Collection: llm, nlp, utils

Changelog

  • Support packing in llm.gpt.chat.data.ChatDataModule: methods _create_data and prepare_data
  • Modify llm.gpt.data.core.GPTSFTChatDataset: the collate_fn seemed to assume that the sequences in the batch came prepadded when context parallel is active (see this comment). However, running the data pipeline this didn't seem to be the case, and sequences came unpadded. Consequently, the proposed change treats the input sequences as unpadded, and runs padding during collate_fn.
  • modify utils.sequence_packing_utils.create_hist: for the same reason as above, the sequences coming into the function are not padded. If doing padding after packing, this may exceed the maximum length allowed of the packed sequence (due to the unaccounted padding). Introduce a divisibility_factor argument inside create_hist to take this into account. Padding is needed when doing packing with context parallel, as the sequence lengths need to be divisible by 2*CP.
  • fixed nlp.models.language_modeling.megatron_gpt_model.MegatronGPTModel.get_batch_on_this_context_parallel_rank: this now splits some inputs tensors across CP ranks (tokens, labels, loss_mask, etc.) but leaves other untouched: the cu_seqlens do not need splitting across ranks
  • make the packing pipeline more scalable, as it is needed for large-scale datasets (10M sequences or more).

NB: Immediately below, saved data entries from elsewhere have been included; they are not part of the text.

lemma dihedral_aut_reflection:
  assumes n: "3 \<le> n" and \<alpha>: "\<alpha> \<in> iso (dihedral_group n) (dihedral_group n)"
  shows "snd (\<alpha> (dih_elem n k True))"
proof -
  let ?D = "dihedral_group n"
  have hom: "\<alpha> \<in> hom ?D ?D" and inj: "inj_on \<alpha> (carrier ?D)"
    using \<alpha> by (auto simp: iso_def bij_betw_def)
  obtain w c where w: "\<alpha> (dih_elem n k True) = dih_elem n w c"
    using hom_in_carrier[OF hom, of "dih_elem n k True"] n by (auto elim: dihedral_group_elemE)
  obtain v where v: "\<And>k. \<alpha> (dih_elem n (int k) False) = dih_elem n (v * int k) False"
    using dihedral_aut_rotation[OF n \<alpha>] by blast
  have c
  proof (rule ccontr)
    assume "\<not> c"
    text \<open>Then \<open>\<alpha>\<close> maps \<open>r\<^sup>k s\<close> to a rotation, which commutes with the rotation \<open>\<alpha> r\<close>.\<close>
    then have "\<alpha> (dih_elem n k True \<otimes>\<^bsub>?D\<^esub> dih_elem n 1 False) =
          \<alpha> (dih_elem n 1 False \<otimes>\<^bsub>?D\<^esub> dih_elem n k True)"
      using n w v[of 1] hom_mult[OF hom, of "dih_elem n k True" "dih_elem n 1 False"]
        hom_mult[OF hom, of "dih_elem n 1 False" "dih_elem n k True"]
      by (simp add: dih_elem_mult add.commute)
    then have "dih_elem n (k - 1) True = dih_elem n (1 + k) True"
      using n inj by (auto simp: dih_elem_mult dest: inj_onD)
    then have "int n dvd 2"
      using n by (simp add: dih_elem_eq_iff mod_eq_dvd_iff)
    then show False
      using n by (auto dest: zdvd_imp_le)
  qed
  then show ?thesis
    unfolding w by simp
qed

lemma cayley_arcs_iff: "(x, y) \<in> cayley_arcs G S \<longleftrightarrow> x \<in> carrier G \<and> y \<in> S #>\<^bsub>G\<^esub> x"
  by (auto simp: cayley_arcs_def r_coset_def)

lemma r_coset_eq_image: "S #>\<^bsub>G\<^esub> x = (\<lambda>s. s \<otimes>\<^bsub>G\<^esub> x) ` S"
  by (auto simp: r_coset_def)

lemma r_coset_Un: "(A \<union> B) #>\<^bsub>G\<^esub> x = (A #>\<^bsub>G\<^esub> x) \<union> (B #>\<^bsub>G\<^esub> x)"
  by (auto simp: r_coset_def)

lemma cayley_digraph_isoI:
  assumes G: "monoid G" and F: "bij_betw F (carrier G) (carrier G)" and S: "S \<subseteq> carrier G"
    and nbhd: "\<And>x. x \<in> carrier G \<Longrightarrow> F ` (S #>\<^bsub>G\<^esub> x) = T #>\<^bsub>G\<^esub> F x"
  shows "cayley_digraph_iso G S T"
  unfolding cayley_digraph_iso_def
proof (intro exI conjI ballI)
  fix x y
  assume x: "x \<in> carrier G" and y: "y \<in> carrier G"
  have "S #>\<^bsub>G\<^esub> x \<subseteq> carrier G"
    using S x monoid.m_closed[OF G] by (auto simp: r_coset_def)
  then have "y \<in> S #>\<^bsub>G\<^esub> x \<longleftrightarrow> F y \<in> F ` (S #>\<^bsub>G\<^esub> x)"
    using F y by (metis bij_betw_imp_inj_on inj_on_image_mem_iff)
  then show "(x, y) \<in> cayley_arcs G S \<longleftrightarrow> (F x, F y) \<in> cayley_arcs G T"
    using x F nbhd by (auto simp: cayley_arcs_iff bij_betw_apply)
qed (rule F)

lemma not_has_m_DCI:
  assumes "S \<subseteq> carrier G" "\<one>\<^bsub>G\<^esub> \<notin> S" "T \<subseteq> carrier G" "\<one>\<^bsub>G\<^esub> \<notin> T"
    and "cayley_digraph_iso G S T" and "\<And>\<alpha>. \<alpha> \<in> iso G G \<Longrightarrow> \<alpha> ` S \<noteq> T"
  shows "\<not> has_m_DCI G (card S)"
  using assms unfolding has_m_DCI_def is_CI_digraph_def by blast

lemma involution_invariant_subset_even:
  assumes X: "finite X" and \<sigma>: "\<And>x. x \<in> X \<Longrightarrow> \<sigma> x \<in> X \<and> \<sigma> (\<sigma> x) = x"
    and t: "2 * t \<le> card X"
  shows "\<exists>Y\<subseteq>X. \<sigma> ` Y \<subseteq> Y \<and> card Y = 2 * t"
  using t
proof (induction t)
  case 0
  show ?case
    by (intro exI[of _ "{}"]) simp
next
  case (Suc t)
  then obtain Y where Y: "Y \<subseteq> X" "\<sigma> ` Y \<subseteq> Y" "card Y = 2 * t"
    by auto
  have "finite Y"
    using X Y(1) finite_subset by blast
  have "\<not> card (X - Y) \<le> Suc 0"
    using Suc.prems Y by (simp add: card_Diff_subset \<open>finite Y\<close>)
  then obtain a b where ab: "a \<in> X - Y" "b \<in> X - Y" "a \<noteq> b"
    using card_le_Suc0_iff_eq[of "X - Y"] X by blast
  have \<sigma>_out: "\<sigma> z \<in> X - Y" if z: "z \<in> X - Y" for z
  proof -
    have "\<sigma> z \<notin> Y"
    proof
      assume "\<sigma> z \<in> Y"
      then have "\<sigma> (\<sigma> z) \<in> Y"
        using Y(2) by blast
      then show False
        using z \<sigma>[of z] by simp
    qed
    then show ?thesis
      using z \<sigma>[of z] by simp
  qed
  show ?case
  proof (cases "\<exists>z\<in>X - Y. \<sigma> z \<noteq> z")
    case True
    then obtain z where z: "z \<in> X - Y" "\<sigma> z \<noteq> z" by blast
    have "\<sigma> ` insert z (insert (\<sigma> z) Y) \<subseteq> insert z (insert (\<sigma> z) Y)"
      using Y(2) z(1) \<sigma>[of z] by auto
    moreover have "card (insert z (insert (\<sigma> z) Y)) = 2 * Suc t"
      using z \<sigma>_out[OF z(1)] Y(3) \<open>finite Y\<close> by simp
    moreover have "insert z (insert (\<sigma> z) Y) \<subseteq> X"
      using z(1) \<sigma>_out[OF z(1)] Y(1) by simp
    ultimately show ?thesis
      by blast
  next
    case False
    then have "\<sigma> ` insert a (insert b Y) \<subseteq> insert a (insert b Y)"
      using ab Y(2) by auto
    moreover have "card (insert a (insert b Y)) = 2 * Suc t"
      using ab Y(3) \<open>finite Y\<close> by simp
    moreover have "insert a (insert b Y) \<subseteq> X"
      using ab Y(1) by simp
    ultimately show ?thesis
      by blast
  qed
qed
lemma involution_invariant_subset:
  assumes X: "finite X" and \<sigma>: "\<And>x. x \<in> X \<Longrightarrow> \<sigma> x \<in> X \<and> \<sigma> (\<sigma> x) = x"
    and x\<^sub>0: "x\<^sub>0 \<in> X" "\<sigma> x\<^sub>0 = x\<^sub>0" and k: "k \<le> card X"
  shows "\<exists>Y\<subseteq>X. \<sigma> ` Y \<subseteq> Y \<and> card Y = k"
proof (cases "even k")
  case True
  then obtain t where "k = 2 * t" by blast
  then show ?thesis
    using involution_invariant_subset_even[OF X \<sigma>, of t] k by simp
next
  case False
  define t where "t = k div 2"
  have t: "k = Suc (2 * t)"
    using False by (simp add: t_def)
  have "\<sigma> x \<in> X - {x\<^sub>0} \<and> \<sigma> (\<sigma> x) = x" if x: "x \<in> X - {x\<^sub>0}" for x
    using \<sigma>[of x] x x\<^sub>0(2) by auto
  moreover have "2 * t \<le> card (X - {x\<^sub>0})"
    using k t x\<^sub>0(1) X by simp
  ultimately obtain Y where Y: "Y \<subseteq> X - {x\<^sub>0}" "\<sigma> ` Y \<subseteq> Y" "card Y = 2 * t"
    using involution_invariant_subset_even[of "X - {x\<^sub>0}" \<sigma> t] X by auto
  have "finite Y"
    using X Y(1) finite_subset by blast
  then have "card (insert x\<^sub>0 Y) = k"
    using Y(1,3) t by (simp add: subset_Diff_insert)
  moreover have "insert x\<^sub>0 Y \<subseteq> X" "\<sigma> ` insert x\<^sub>0 Y \<subseteq> insert x\<^sub>0 Y"
    using Y(1,2) x\<^sub>0 by auto
  ultimately show ?thesis
    by blast
qed
lemma fst_dih_elem: "0 < n \<Longrightarrow> int (fst (dih_elem n k b)) = k mod int n"
  by (simp add: dih_elem_def)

In utils.sequence_packing_utils:
    • the fill_packing_strategy is around 10X faster now (on such large datasets moving from 1m to 6s) while being equivalent in result
    • the newly introduced first_fit_shuffle_with_heap does not have quadratic complexity: in local tests it runs in around 30s as opposed to 14h using first_fit. Its functioning is very similar to first_fit_shuffle, and the packing efficiency is equivalent (around 96% in local tests).

Usage

Here you may need to temporarily override FineTuningDataModule.setup (where it defines self.max_train_samples) and FineTuningDataModule._create_dataloader where it defines (self.init_global_step)

from pathlib import Path

from tqdm import tqdm

from nemo.collections.llm.gpt.data.chat import ChatDataModule
from nemo.collections.llm.gpt.data.packed_sequence import PackedSequenceSpecs
from nemo.collections.nlp.modules.common.tokenizer_utils import get_nmt_tokenizer

if __name__ == "__main__":
    packed_sequence_specs = PackedSequenceSpecs(
        packed_sequence_size=32768, 
        tokenizer_model_name="MY_TOKENIZER", 
        pad_cu_seqlens=True,  
    )

    tokenizer = get_nmt_tokenizer(
        library="sentencepiece",
        tokenizer_model=TOKENIZER_PATH,  # path to tokenizer model
    )

    dm = ChatDataModule(
        dataset_root=DATASET_ROOT,  # contains training.jsonl and validation.jsonl
        seq_length=32768,
        tokenizer=tokenizer,
        micro_batch_size=1,
        global_batch_size=4, 
        seed=1234,
        num_workers=1,
        pin_memory=True,
        persistent_workers=False,
        packed_sequence_specs=packed_sequence_specs,
        dataset_kwargs = {
            "return_cu_seqlen": True,
            "answer_only_loss": True,
            "pad_to_max_length": True,
        },  
    )
    dm.prepare_data()
    dm.setup("fit")
    train_loader = dm.train_dataloader()
    for batch in tqdm(train_loader, desc="Training Batches"):
        print(batch)

GitHub Actions CI

The Jenkins CI system has been replaced by GitHub Actions self-hosted runners.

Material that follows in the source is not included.